Acquiring land in bulk, then reselling it in plots isn’t a new business model. It is, in fact, what most real estate firms already do. What is novel, however, is what OxfordBuildBay did next.
OxfordBuildbay chopped the prices down into ridiculous bits and allowed people to pay daily, weekly, and monthly. The prices vary from as low as ₦250 to ₦500,000. Because of its business model and payment structure which is similar to that of traditional thrift collection, the company began to onboard and leverage informal traders’ communities and occupational clubs (like fashion designers, barbers etc.) to disseminate its message offline.
“We would leverage the real estate agent network to onboard people from informal quarters who need the ease and affordability we offer, like the market, neighbourhoods, cooperative with large member headcounts, and even schools,” Nwachukwu told TechCabal. “After onboarding them, the agent would receive their payment like a thrift collection. They are given cards to tick every time they make payment. This was easy for them to manage and track because they were used to this model before us.”
The company seemed to have reached the mass market, and after a while, when their offline effort became successful, they began to onboard their users onto the digital platform. With the help of a bot, those who couldn’t navigate the website were redirected to WhatsApp for guidance.
OxfordBuildbay now has both an Android and iOS app. On the app, there is a wallet facility for users to store value. They have integrated Paystack to accept payments, which can be automated at any time the user chooses.

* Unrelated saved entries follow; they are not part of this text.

(* Let $0<\alpha<1$, $\lambda>0$, $P$ a probability distribution of $\xi$, and for every $\xi$ let $x\mapsto\ell(x;\xi)$ be $G$-Lipschitz and $L$-smooth. Let $\psi^*(t)=\frac1\alpha\log(1-\alpha+\alpha e^t)$ and define $\widehat{\mathcal L}(x,\eta,\xi)=\lambda\psi^*\big(\frac{\ell(x;\xi)-G\eta}{\lambda}\big)+G\eta$, $\widehat{\mathcal L}(x,\eta)=\mathbb E_{\xi\sim P}\widehat{\mathcal L}(x,\eta,\xi)$. Then for all $(x,\eta)$, $\mathbb E\|\nabla\widehat{\mathcal L}(x,\eta,\xi)\|^2\le2\alpha^{-2}G^2$, and $\widehat{\mathcal L}$ is $K$-smooth in $(x,\eta)$ with $K=\frac L\alpha+\frac{G^2}{2\lambda\alpha}$.
   Context: $\psi^*$ here is the conjugate of the smoothed CVaR divergence $\psi^{\mathrm{smo}}_\alpha(t)=t\log t+\frac{1-\alpha t}{\alpha}\log\frac{1-\alpha t}{1-\alpha}$ on $[0,1/\alpha)$, $+\infty$ otherwise. Gradients are with respect to $(x,\eta)$. *)

theory Defs
  imports "HOL-Analysis.Analysis" "HOL-Probability.Probability"
begin

definition has_gradient :: "('a::real_inner \<Rightarrow> real) \<Rightarrow> 'a \<Rightarrow> 'a \<Rightarrow> bool" where
  "has_gradient f g z \<longleftrightarrow> (f has_derivative (\<lambda>h. g \<bullet> h)) (at z)"

definition gradient :: "('a::real_inner \<Rightarrow> real) \<Rightarrow> 'a \<Rightarrow> 'a" where
  "gradient f z = (THE g. has_gradient f g z)"

definition smooth_with :: "real \<Rightarrow> ('a::real_inner \<Rightarrow> real) \<Rightarrow> bool" where
  "smooth_with L f \<longleftrightarrow> (\<forall>z. \<exists>g. has_gradient f g z) \<and> L-lipschitz_on UNIV (gradient f)"

text \<open>Conjugate of the smoothed CVaR divergence.\<close>
definition psi_star :: "real \<Rightarrow> real \<Rightarrow> real" where
  "psi_star \<alpha> t = ln (1 - \<alpha> + \<alpha> * exp t) / \<alpha>"

definition Lhat_pt :: "real \<Rightarrow> real \<Rightarrow> real \<Rightarrow> ('a \<Rightarrow> 'b \<Rightarrow> real) \<Rightarrow> 'a \<times> real \<Rightarrow> 'b \<Rightarrow> real" where
  "Lhat_pt \<alpha> lam G ell z \<xi> = lam * psi_star \<alpha> ((ell (fst z) \<xi> - G * snd z) / lam) + G * snd z"

definition Lhat :: "'b measure \<Rightarrow> real \<Rightarrow> real \<Rightarrow> real \<Rightarrow> ('a \<Rightarrow> 'b \<Rightarrow> real) \<Rightarrow> 'a \<times> real \<Rightarrow> real" where
  "Lhat P \<alpha> lam G ell z = (\<integral>\<xi>. Lhat_pt \<alpha> lam G ell z \<xi> \<partial>P)"
text \<open>A strong subspace X of the complement is the affine part of its secant closure Y,
  obtained by adding every line of the ambient space that joins two points of X; the points
  added off X are points at infinity of lines of X. That Y is a subspace rests on Veblen's
  axiom: a line joining a point of X to a point at infinity of a line of X has its whole
  affine part in X, and a line of H joining two such points at infinity is covered by lines
  through two points of X. Collinearity within Y follows from the gamma property.\<close>

lemma partial_linear_space_line_subset:
  "partial_linear_space S L \<Longrightarrow> l \<in> L \<Longrightarrow> l \<subseteq> S"
  unfolding partial_linear_space_def by (elim conjE) blast

lemma partial_linear_space_line_unique:
  assumes "partial_linear_space S L" "l \<in> L" "k \<in> L" "a \<noteq> b" "a \<in> l" "b \<in> l" "a \<in> k" "b \<in> k"
  shows "l = k"
proof -
  have "\<forall>l\<in>L. \<forall>k\<in>L. l \<noteq> k \<longrightarrow> (\<forall>a b. a \<in> l \<and> a \<in> k \<and> b \<in> l \<and> b \<in> k \<longrightarrow> a = b)"
    using assms(1) unfolding partial_linear_space_def by (elim conjE)
  with assms(2-) show ?thesis by blast
qed

lemma collinear_sym: "collinear L a b \<Longrightarrow> collinear L b a"
  unfolding collinear_def by blast

lemma subspace_line_subset:
  "subspace S L X \<Longrightarrow> l \<in> L \<Longrightarrow> a \<noteq> b \<Longrightarrow> a \<in> l \<Longrightarrow> b \<in> l \<Longrightarrow>
    a \<in> X \<Longrightarrow> b \<in> X \<Longrightarrow> l \<subseteq> X"
  unfolding subspace_def by blast

lemma subspace_line_meets_once:
  assumes "subspace S L H" "l \<in> L" "\<not> l \<subseteq> H" "a \<in> l \<inter> H" "b \<in> l \<inter> H"
  shows "a = b"
  using assms unfolding subspace_def by blast

lemma lines_min4_three_points_off_subspace:
  assumes "lines_min4 L" "subspace S L H" "l \<in> L" "\<not> l \<subseteq> H"
  shows "\<exists>a b c. distinct [a, b, c] \<and> {a, b, c} \<subseteq> l - H"
proof -
  obtain a b c d where abcd: "distinct [a, b, c, d]" "{a, b, c, d} \<subseteq> l"
    using assms(1,3) unfolding lines_min4_def by blast
  have off_H: "x \<notin> H \<or> y \<notin> H" if "x \<in> l" "y \<in> l" "x \<noteq> y" for x y
    using subspace_line_meets_once[OF assms(2-4)] that by blast
  consider "a \<in> H" | "b \<in> H" | "c \<in> H" | "a \<notin> H" "b \<notin> H" "c \<notin> H" by blast
  then show ?thesis
  proof cases
    case 1
    with off_H[of a b] off_H[of a c] off_H[of a d] abcd
    have "distinct [b, c, d] \<and> {b, c, d} \<subseteq> l - H" by auto
    then show ?thesis by blast
  next
    case 2
    with off_H[of b a] off_H[of b c] off_H[of b d] abcd
    have "distinct [a, c, d] \<and> {a, c, d} \<subseteq> l - H" by auto
    then show ?thesis by blast
  next
    case 3
    with off_H[of c a] off_H[of c b] off_H[of c d] abcd
    have "distinct [a, b, d] \<and> {a, b, d} \<subseteq> l - H" by auto
    then show ?thesis by blast
  next
    case 4
    with abcd have "distinct [a, b, c] \<and> {a, b, c} \<subseteq> l - H" by auto
    then show ?thesis by blast
  qed
qed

On the app is an array of lands to select from after signing up. There is also an investment section, where users can make an investment in some of the cash flow businesses, like dredging, that Oxford runs.

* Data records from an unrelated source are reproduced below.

lemma a0_chain_Union_is_a0_chain:
  assumes "strictly_inductive X" "a0 \<in> X"
  shows "a0_chain X f a0 (a0_chain_Union X f a0)"
proof -
  let ?U = "a0_chain_Union X f a0"
  have "a0 \<in> ?U" using a0_chain_singleton[OF assms(2)] mem_a0_chain_Union_iff by blast
  then have "?U \<subseteq> X \<and> ?U \<noteq> {} \<and> is_chain ?U"
    using a0_chain_Union_subset is_chain_a0_chain_Union by blast
  then obtain w where w: "is_lub_in X ?U w"
    using assms(1) unfolding strictly_inductive_def by blast
  note chain = a0_chain_insert_lub_Union[OF assms(2) w]
  then have "w \<in> ?U" using mem_a0_chain_Union_iff by blast
  then show ?thesis using chain by (simp add: insert_absorb)
qed

text \<open>If the top \<open>t\<close> of the chain is a limit, every element below it satisfies
  \<open>c < f c \<le> f t\<close>; otherwise \<open>t = f l \<le> f t\<close> for its predecessor \<open>l\<close>.\<close>

lemma a0_chain_lub_le_f_lub:
  assumes C: "a0_chain X f a0 C" and "a0 \<le> f a0" "f (lub_in X C) \<in> X" "mono_on C f"
  shows "lub_in X C \<le> f (lub_in X C)"
proof -
  let ?t = "lub_in X C"
  let ?P = "C - {?t}"
  have tC: "?t \<in> C" by (rule a0_chain_top(2)[OF C])
  have f_le: "f c \<le> f ?t" if "c \<in> C" for c
    using mono_onD[OF assms(4) that tC a0_chain_le_top[OF C that]] .
  show ?thesis
  proof (cases "?P = {}")
    case True
    then have "?t = a0" using a0_chain_a0_mem[OF C] by blast
    then show ?thesis using assms(2) by simp
  next
    case False
    note lubP = a0_chain_lub_closed[OF C Diff_subset False]
    let ?l = "lub_in X ?P"
    have succ: "f c \<in> C" "c < f c" if "c \<in> ?P" for c using a0_chain_succ[OF C] that by auto
    show ?thesis
    proof (cases "?l = ?t")
      case True
      have "c \<le> f ?t" if "c \<in> ?P" for c
        using order.trans[OF order.strict_implies_order[OF succ(2)[OF that]] f_le] that by blast
      then have "?l \<le> f ?t" by (rule is_lub_in_least[OF lubP(1) assms(3)])
      then show ?thesis using True by simp
    next
      case False
      then have lP: "?l \<in> ?P" using lubP(2) by blast
      have "f ?l \<notin> ?P"
      proof
        assume "f ?l \<in> ?P"
        then have "f ?l \<le> ?l" by (rule is_lub_in_upper[OF lubP(1)])
        then show False using succ(2)[OF lP] by simp
      qed
      then have "f ?l = ?t" using succ(1)[OF lP] by blast
      then show ?thesis using f_le[of ?l] lP by simp
    qed
  qed
qed

theorem mainTheorem3:
  fixes X :: "'a::order set" and f :: "'a \<Rightarrow> 'a" and a0 :: 'a
  assumes "X \<noteq> {}"
    and "strictly_inductive X"
    and "\<forall>x\<in>X. f x \<in> X"
    and "a0 \<in> X"
    and "a0 \<le> f a0"
    and "W = {x \<in> X. \<exists>C. a0_chain X f a0 C \<and> is_lub_in X C x}"
    and "\<forall>x\<in>W. \<forall>y\<in>W. x \<le> y \<longrightarrow> f x \<le> f y"
  shows "(\<exists>w. is_lub_in X W w) \<and> f (lub_in X W) = lub_in X W"
proof -
  have W: "W = a0_chain_Union X f a0" using assms(6) lubs_of_a0_chains_eq_Union by simp
  have chain: "a0_chain X f a0 W" using a0_chain_Union_is_a0_chain[OF assms(2,4)] W by simp
  let ?t = "lub_in X W"
  have ftX: "f ?t \<in> X" using assms(3) a0_chain_subset[OF chain] a0_chain_top(2)[OF chain] by blast
  have "mono_on W f" using assms(7) by (simp add: monotone_on_def)
  then have "?t \<le> f ?t" using a0_chain_lub_le_f_lub[OF chain assms(5) ftX] by blast
  moreover have "\<not> ?t < f ?t"
  proof
    assume "?t < f ?t"
    then have "f ?t \<in> W"
      using a0_chain_insert_succ_top[OF chain ftX] W mem_a0_chain_Union_iff by blast
    then show False using a0_chain_le_top[OF chain] \<open>?t < f ?t\<close> by (blast dest: order.strict_trans2)
  qed
  ultimately show ?thesis using a0_chain_top(1)[OF chain] by (auto simp: order.order_iff_strict)
qed

end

It’s been two years of operation, and according to Adeniji, the platform has over 25,000 users, translating to over 25,000 slots of land. The platform sells lands per slot, and a slot is 250 square meters or, as popularly called, half-a-plot.
Nwachukwu insisted that the company doesn’t have any hidden charges. “We don’t charge any allocation or documentation fee, and our users are allowed to automate their payment so that agency fee, zero documentation fee and allocation can be between the sixth and 12th months while the payment is ongoing,” he said. Nwachukwu, who currently doubles as the company’s head of growth and chief financial officer, claimed OxfordBuildbay has essentially saved Nigerians close to ₦3 billion on the extra cost of omo-onile and legal errands incurred.

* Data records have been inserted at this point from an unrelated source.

lemma card_many_close_pairs_le:
  "card {\<pi>. \<pi> permutes {1..n} \<and>
           k \<le> card {i \<in> {1..n div 2}. \<bar>real (\<pi> (2*i - 1)) - real (\<pi> (2*i))\<bar> \<le> t}} * fact k
     \<le> (2 * nat \<lfloor>t\<rfloor>) ^ k * fact n"
  (is "card ?E * _ \<le> _")
proof (cases "k \<le> n div 2")
  case False
  have "\<pi> \<notin> ?E" for \<pi>
    using False card_filter_atLeastAtMost_le[of "n div 2"
        "\<lambda>i. \<bar>real (\<pi> (2*i - 1)) - real (\<pi> (2*i))\<bar> \<le> t"]
    by simp
  then have "?E = {}" by blast
  then show ?thesis by (simp only: card.empty mult_0 zero_le)
next
  case True
  define I where "I = {S. S \<subseteq> {1..n div 2} \<and> card S = k}"
  define Pk where "Pk = (\<Prod>j<k. n - 2*j - 1)"
  have "finite I" unfolding I_def by (rule finite_subset[of _ "Pow {1..n div 2}"]) auto
  have "?E \<subseteq> (\<Union>S\<in>I. close_pairs n t S)"
    unfolding I_def by (rule many_close_pairs_subset_UN)
  then have "card ?E \<le> card (\<Union>S\<in>I. close_pairs n t S)"
    by (intro card_mono) (simp_all add: \<open>finite I\<close> finite_close_pairs)
  also have "\<dots> \<le> (\<Sum>S\<in>I. card (close_pairs n t S))" by (rule card_UN_le[OF \<open>finite I\<close>])
  finally have union_bound: "card ?E \<le> (\<Sum>S\<in>I. card (close_pairs n t S))" .
  have "(n div 2 choose k) * (card ?E * fact k) = card ?E * ((n div 2 choose k) * fact k)"
    by simp
  also have "\<dots> \<le> card ?E * Pk"
    unfolding Pk_def by (intro mult_le_mono2 choose_mul_fact_le_prod[OF True]) simp
  also have "\<dots> \<le> (\<Sum>S\<in>I. card (close_pairs n t S) * Pk)"
    using union_bound by (simp add: sum_distrib_right[symmetric])
  also have "\<dots> \<le> (\<Sum>S\<in>I. (2 * nat \<lfloor>t\<rfloor>) ^ k * fact n)"
  proof (rule sum_mono)
    fix S assume "S \<in> I"
    then have "finite S" "S \<subseteq> {1..n div 2}" "card S = k"
      by (auto simp: I_def intro: finite_subset)
    then show "card (close_pairs n t S) * Pk \<le> (2 * nat \<lfloor>t\<rfloor>) ^ k * fact n"
      using card_close_pairs_le[of S n t] by (simp add: Pk_def)
  qed
  also have "\<dots> = (n div 2 choose k) * ((2 * nat \<lfloor>t\<rfloor>) ^ k * fact n)"
    by (simp add: I_def n_subsets)
  finally show ?thesis using True by simp
qed

lemma prob_many_close_pairs_le:
  "measure_pmf.prob (pmf_of_set {\<pi>. \<pi> permutes {1..n}})
     {\<pi>. k \<le> card {i \<in> {1..n div 2}. \<bar>real (\<pi> (2*i - 1)) - real (\<pi> (2*i))\<bar> \<le> t}}
   \<le> (2 * real (nat \<lfloor>t\<rfloor>)) ^ k / fact k"
  (is "measure_pmf.prob (pmf_of_set ?P) ?A \<le> _")
proof -
  have "?P \<noteq> {}" using permutes_id by blast
  have "finite ?P" by (rule finite_permutations) simp
  have "card ?P = fact n" by (simp add: card_permutations)
  define X where "X = card (?P \<inter> ?A)"
  have "X * fact k \<le> (2 * nat \<lfloor>t\<rfloor>) ^ k * fact n"
    unfolding X_def Collect_conj_eq[symmetric] by (rule card_many_close_pairs_le)
  then have "real (X * fact k) \<le> real ((2 * nat \<lfloor>t\<rfloor>) ^ k * fact n)" by (simp only: of_nat_le_iff)
  then have "real X * fact k \<le> (2 * real (nat \<lfloor>t\<rfloor>)) ^ k * fact n" by simp
  have "measure_pmf.prob (pmf_of_set ?P) ?A = real X / fact n"
    by (simp only: X_def measure_pmf_of_set[OF \<open>?P \<noteq> {}\<close> \<open>finite ?P\<close>] \<open>card ?P = fact n\<close> of_nat_fact)
  also have "\<dots> \<le> (2 * real (nat \<lfloor>t\<rfloor>)) ^ k / fact k"
    using \<open>real X * fact k \<le> (2 * real (nat \<lfloor>t\<rfloor>)) ^ k * fact n\<close> by (simp add: field_simps)
  finally show ?thesis .
qed

theorem claim3p12:
  fixes n :: nat and r :: real
  assumes "r \<ge> 1"
  shows "measure_pmf.prob (pmf_of_set {\<pi>. \<pi> permutes {1..n}})
           {\<pi>. real (card {i \<in> {1..n div 2}.
                     \<bar>real (\<pi> (2*i - 1)) - real (\<pi> (2*i))\<bar> \<le> r / 12}) \<ge> r}
         \<le> 2 powr (- r)"
proof -
  define k where "k = nat \<lceil>r\<rceil>"
  define d where "d = nat \<lfloor>r / 12\<rfloor>"
  have "r \<le> real k" unfolding k_def by linarith
  then have "12 * d \<le> k" unfolding d_def using assms by linarith
  have "measure_pmf.prob (pmf_of_set {\<pi>. \<pi> permutes {1..n}})
          {\<pi>. real (card {i \<in> {1..n div 2}.
                    \<bar>real (\<pi> (2*i - 1)) - real (\<pi> (2*i))\<bar> \<le> r / 12}) \<ge> r}
        \<le> (2 * real d) ^ k / fact k"
    unfolding k_def d_def nat_ceiling_le_eq[symmetric] by (rule prob_many_close_pairs_le)
  also have "\<dots> \<le> 1 / 2 ^ k" using \<open>12 * d \<le> k\<close> by (rule power_div_fact_le_inverse_two_power)
  also have "\<dots> = 2 powr (- real k)" by (simp add: powr_minus powr_realpow divide_inverse)
  also have "\<dots> \<le> 2 powr (- r)" using \<open>r \<le> real k\<close> by simp
  finally show ?thesis .
qed

end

While OxfordBuildbay may appeal more to low-income earners, Nwachukwu said financially buoyant individuals are also using their platform. OxfordBuildbay has also created a landing pad for users who are lagging in payment: their payment is restructured either by reducing the amount paid at an interval or extending the interval at which the money is being paid. However, in cases of acts of God, like sickness, the company has partnered with a health insurance company to provide coverage to its users.
“This is to show that we care about the people,” Nwachukwu said. “We are optimising for the democratising of home ownership in Nigeria, and good health is a recipe for making that happen.”